I'm not surprised to come across two very different reviews of Actor Martinez from when it played last Spring at the Tribeca Film Festival. Richard Brody, in the New Yorker looked deeply into the film, while Frank Schenk of the Hollywood Reporter was fairly dismissive. I don't mean to seem cagey, but this is the kind of film that is idiosyncratic enough where milage will depend on the individual viewer, to be embraced by some, and shrugged off by others. And it could well be that one viewing is not enough. Sometimes, just the challenging any preconceived notions of filmmaking, whether successful or not, is worth consideration.
Posted by peter at 07:52 AM
November 12, 2016
Denver Film Festival: Headshot
Timo Tjahjanto & Kimo Stamboel - 2016
Vertical Entertainment/XYZ Films
Hammer Girl is back! Anyone who has seen The Raid 2 will know what I'm talking about, and why she was my favorite character in that film. Actually, it's Indonesian actress Julie Estelle who appears here as the lone bad girl in Headshot.
And if you're thinking, didn't they show this a few years ago at the Denver Film Festival, the answer is: same title, different film. The film shown in 2012 was a terrific Thai neo-noir by Pen-Ek Ratanaruang. Original titles aren't the Mo Brothers strong suit, what with Macabre, The Killer and now Headshot. And honestly, if you've seen enough Asian action films, you should recognize more than enough familiar elements at work here, beginning with the premise of the amnesiac gangster who's unaware of his identity or why people are after him.
Iko Uwais, familiar to those who've seen The Raid films, plays the amnesiac, cared for by young doctor, Ailin. Discovered washed on a beach, and in a coma for two months, the unknown patient is called Ishmael by Ailin, who just happens to be reading Moby Dick. I maybe be reading too much into this, but I think that literary reference was a Mo Brothers joke. In the meantime, a vicious criminal, Lee, has escaped from prison, and takes over the operations of another thug with his deadly use of chopsticks. Lee spares the life of a henchman who has heard rumor of a gang member, presumed dead, found in a hospital, alive in spite of being shot in the head.
In the pursuit of Ishmael, Lee kidnaps Ailin. What follows is a series of martial arts set pieces with Ishmael fighting off Lee's gang with guns, knives, and Indonesian martial arts, in-between flashbacks of people and events that eventually make sense to Ishmael.
The martial arts scenes are intelligently filmed, with a mobile camera pulling in and out of the action, with editing done that logically follows one movement to the next.
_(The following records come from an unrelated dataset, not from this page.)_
lemma universal_expansion_tails_dense:
  assumes m: "m \<ge> 2" and exp: "madic_expansion m d t" and univ: "universal_expansion m d"
  shows "{0<..<1} \<subseteq> closure (range (expansion_tail m d))"
proof
  fix y :: real assume "y \<in> {0<..<1}"
  then have y: "0 < y" "y < 1" by auto
  have digits: "\<forall>k\<ge>1. d k < m" using exp unfolding madic_expansion_def by auto
  have mr: "real m > 1" using m by simp
  show "y \<in> closure (range (expansion_tail m d))"
    unfolding closure_approachable dist_real_def
  proof (intro allI impI)
    fix e :: real assume e: "e > 0"
    obtain n where "1 / e < real m ^ n" using real_arch_pow[OF mr] by blast
    moreover have "real m ^ n \<le> real m ^ Suc n" using mr by (intro power_increasing) auto
    ultimately have "1 / e < real m ^ Suc n" by linarith
    then have small: "1 / real m ^ Suc n < e" using e mr by (simp add: field_simps)
    define L where "L = Suc n"
    define c where "c = nat \<lfloor>real m ^ L * y\<rfloor>"
    have mL: "real m ^ L > 0" using mr by simp
    have "\<lfloor>real m ^ L * y\<rfloor> \<ge> 0" using y mL by simp
    then have c_le: "real c \<le> real m ^ L * y" and c_gt: "real m ^ L * y < real c + 1"
      unfolding c_def by simp linarith
    have "real c < real m ^ L" using c_le y mL by (smt (verit) mult_less_cancel_left2)
    then have "c < m ^ L" by (metis of_nat_less_iff of_nat_power)
    then obtain w where w: "length w = L" "set w \<subseteq> {..<m}" "word_value m w = c"
      using word_value_surj[of m c L] m by auto
    obtain k where k: "\<forall>i<L. d (k + Suc i) = w ! i"
      using univ w unfolding universal_expansion_def L_def by force
    have "(\<Sum>i<L. real (d (k + Suc i)) / real m ^ Suc i) = real c / real m ^ L"
      using digit_sum_word_value[of m w] k m w by simp
    then have tail: "expansion_tail m d k = (real c + expansion_tail m d (k + L)) / real m ^ L"
      using expansion_tail_split[OF m digits, of k L] by (simp add: add_divide_distrib)
    have "\<bar>real c + expansion_tail m d (k + L) - real m ^ L * y\<bar> \<le> 1"
      using c_le c_gt expansion_tail_bounds[OF m digits, of "k + L"] by linarith
    then have "\<bar>expansion_tail m d k - y\<bar> \<le> 1 / real m ^ L"
      using mL by (simp add: tail field_simps)
    then show "\<exists>x\<in>range (expansion_tail m d). \<bar>x - y\<bar> < e"
      using small unfolding L_def by (intro bexI[of _ "expansion_tail m d k"]) auto
  qed
qed

section \<open>Irrationality via a Baire category argument\<close>

lemma nowhere_dense_affine_preimage:
  fixes C :: "real set"
  assumes "closed C" "interior C = {}" "a \<noteq> 0"
  shows "closed {x. a * x + b \<in> C}" "interior {x. a * x + b \<in> C} = {}"
proof -
  have "closed ((\<lambda>x. a * x + b) -` C)"
    by (intro continuous_closed_vimage assms continuous_intros)
  then show "closed {x. a * x + b \<in> C}" by (simp add: vimage_def)
  define V where "V = interior {x. a * x + b \<in> C}"
  have "open ((\<lambda>x. b + a *\<^sub>R x) ` V)" unfolding V_def by (rule open_affinity[OF open_interior assms(3)])
  moreover have "(\<lambda>x. b + a *\<^sub>R x) ` V \<subseteq> C"
    using interior_subset unfolding V_def by (fastforce simp: add.commute)
  ultimately have "(\<lambda>x. b + a *\<^sub>R x) ` V \<subseteq> interior C" by (rule interior_maximal[rotated])
  then show "interior {x. a * x + b \<in> C} = {}" using assms(2) unfolding V_def by blast
qed

lemma closed_nowhere_dense_finite_UN:
  fixes P :: "'i \<Rightarrow> 'a::topological_space set"
  assumes "finite I" "\<And>i. i \<in> I \<Longrightarrow> closed (P i)" "\<And>i. i \<in> I \<Longrightarrow> interior (P i) = {}"
  shows "closed (\<Union>i\<in>I. P i) \<and> interior (\<Union>i\<in>I. P i) = {}"
  using assms
proof (induction I rule: finite_induct)
  case empty then show ?case by simp
next
  case (insert j J)
  then have "interior ((\<Union>i\<in>J. P i) \<union> P j) = interior (\<Union>i\<in>J. P i)"
    by (intro interior_closed_Un_empty_interior) auto
  moreover have "(\<Union>i\<in>insert j J. P i) = (\<Union>i\<in>J. P i) \<union> P j" by auto
  ultimately show ?case using insert by auto
qed

lemma dense_sequence_escapes_affine_preimages:
  fixes A :: "real set" and s :: "nat \<Rightarrow> real"
  assumes "finite I" and nd: "nowhere_dense A" and "\<forall>i\<in>I. \<alpha> i \<noteq> 0"
    and dense: "{0<..<1} \<subseteq> closure (range s)"
  shows "\<exists>k. \<forall>i\<in>I. \<alpha> i * s k + \<beta> i \<notin> A"
proof (rule ccontr)
  define P where "P i = {x. \<alpha> i * x + \<beta> i \<in> closure A}" for i
  assume "\<nexists>k. \<forall>i\<in>I. \<alpha> i * s k + \<beta> i \<notin> A"
  then have "range s \<subseteq> (\<Union>i\<in>I. P i)"
    using closure_subset unfolding P_def by fastforce
  moreover have "closed (P i)" "interior (P i) = {}" if "i \<in> I" for i
    using nowhere_dense_affine_preimage[of "closure A" "\<alpha> i" "\<beta> i"] nd assms(3) that
    unfolding nowhere_dense_def P_def by auto
  then have "closed (\<Union>i\<in>I. P i)" and empty: "interior (\<Union>i\<in>I. P i) = {}"
    using closed_nowhere_dense_finite_UN[OF assms(1)] by blast+
  ultimately have "closure (range s) \<subseteq> (\<Union>i\<in>I. P i)" by (intro closure_minimal)
  with dense have "{0<..<1::real} \<subseteq> interior (\<Union>i\<in>I. P i)"
    by (intro interior_maximal) auto
  moreover have "1 / 2 \<in> {0<..<1::real}" by simp
  ultimately show False using empty by blast
qed

lemma universal_tails_escape_integer_relations:
  fixes a b :: real
  assumes m: "m \<ge> 2" and exp: "madic_expansion m d t" and univ: "universal_expansion m d"
    and A: "A \<subseteq> {0..<1}" "nowhere_dense A" and a: "a \<noteq> 0" and b: "b > 0"
  shows "\<exists>k. \<forall>z\<in>A. b * z - a * expansion_tail m d k \<notin> \<int>"
proof -
  \<comment> \<open>only integers p with |p| \<le> K can equal b z - a s for z \<in> [0,1) and s \<in> [0,1]\<close>
  define K where "K = \<lceil>b + \<bar>a\<bar>\<rceil>"
  have digits: "\<forall>k\<ge>1. d k < m" using exp unfolding madic_expansion_def by auto
  obtain k where k: "\<forall>p\<in>{-K..K}. a / b * expansion_tail m d k + real_of_int p / b \<notin> A"
    using dense_sequence_escapes_affine_preimages[of "{-K..K}" A "\<lambda>_. a / b"
        "expansion_tail m d" "\<lambda>p. real_of_int p / b"]
      universal_expansion_tails_dense[OF m exp univ] A(2) a b by auto
  have "b * z - a * expansion_tail m d k \<notin> \<int>" if z: "z \<in> A" for z
  proof
    assume "b * z - a * expansion_tail m d k \<in> \<int>"
    then obtain p where p: "b * z - a * expansion_tail m d k = real_of_int p"
      by (auto elim: Ints_cases)
    have "\<bar>b * z\<bar> \<le> b" using z A b by (auto simp: abs_mult)
    moreover have "\<bar>a * expansion_tail m d k\<bar> \<le> \<bar>a\<bar>"
      using expansion_tail_bounds[OF m digits] by (simp add: abs_mult mult_left_le)
    ultimately have "p \<in> {-K..K}" using p unfolding K_def by auto linarith+
    moreover have "a / b * expansion_tail m d k + real_of_int p / b = z"
      using p b by (simp add: field_simps)
    ultimately show False using k z by auto
  qed
  then show ?thesis by blast
qed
As with the Mo Brothers' previous film, The Killers, the violence gets excessively bloody. Unlike that film, there is no sense of exhilaration here. There are no unexpected plot twists once we know Ishmael's true identity. The two hour running time is also part of the excess here. There are quiet moments, not enough of them, and they are also beautifully photographed. The Mo Brothers need to have story that's as well thought out as their visuals.
Posted by peter at 07:09 AM
November 11, 2016
Denver Film Festival: Old Stone
Johnny Ma - 2016
There is a repeated visual motif in Old Stone of overhead shots of a bamboo forest, the trees rustling in the wind. Bamboo usually symbolizes the concept of simplicity and of life moving in a straight-forward fashion. For the taxi driver, Shi, nothing is simple or straight-forward after he accidentally hits a young man on a motorcycle. The title translates as "too honest" or "naive" in addition to the literal meaning. Like a heavy stone, Shi's honesty, and his belief in the honesty of other people turns out to be a burden that is his undoing.
Away from the glitter of Beijing or Shanghai, the Chinese-Canadian Ma's debut feature was filmed in Guangde County, land-locked, and generally shabby. Some of the writing about Old Stone discusses the film in terms of film noir, but I think the film is spiritually closer to film noir's antecedent, neo-realism. While marginally better off that Vittorio De Sica's Antonio, Shi is similar as a guy whose faith in other people gets shattered while trying to do the right thing, while Ma indirectly comments on class and bureaucracy in within a small city.
The story was inspired by a true event in which a young girl was the victim of a hit and run van driver, who was run over a second time by the driver, and then a third time by yet another vehicle. Essentially, it is less expensive to provide the victim's family with a one-time payment, than to be saddled with the hospital bills of a survivor. After calling for an ambulance, Shi is surrounded by a crowd, half telling him to wait for the police to arrive, the other half encouraging Shi to take the injured man to a nearby hospital. Shi takes the man to the hospital, with the surgeon informing Shi that the man's life was saved in the nick of time. What follows is trouble after trouble due to Shi's failure to follow the protocols of the police and an insurance company. The injured man, Li Jiang, is in a coma for several months, with Shi taking responsibility for those expenses.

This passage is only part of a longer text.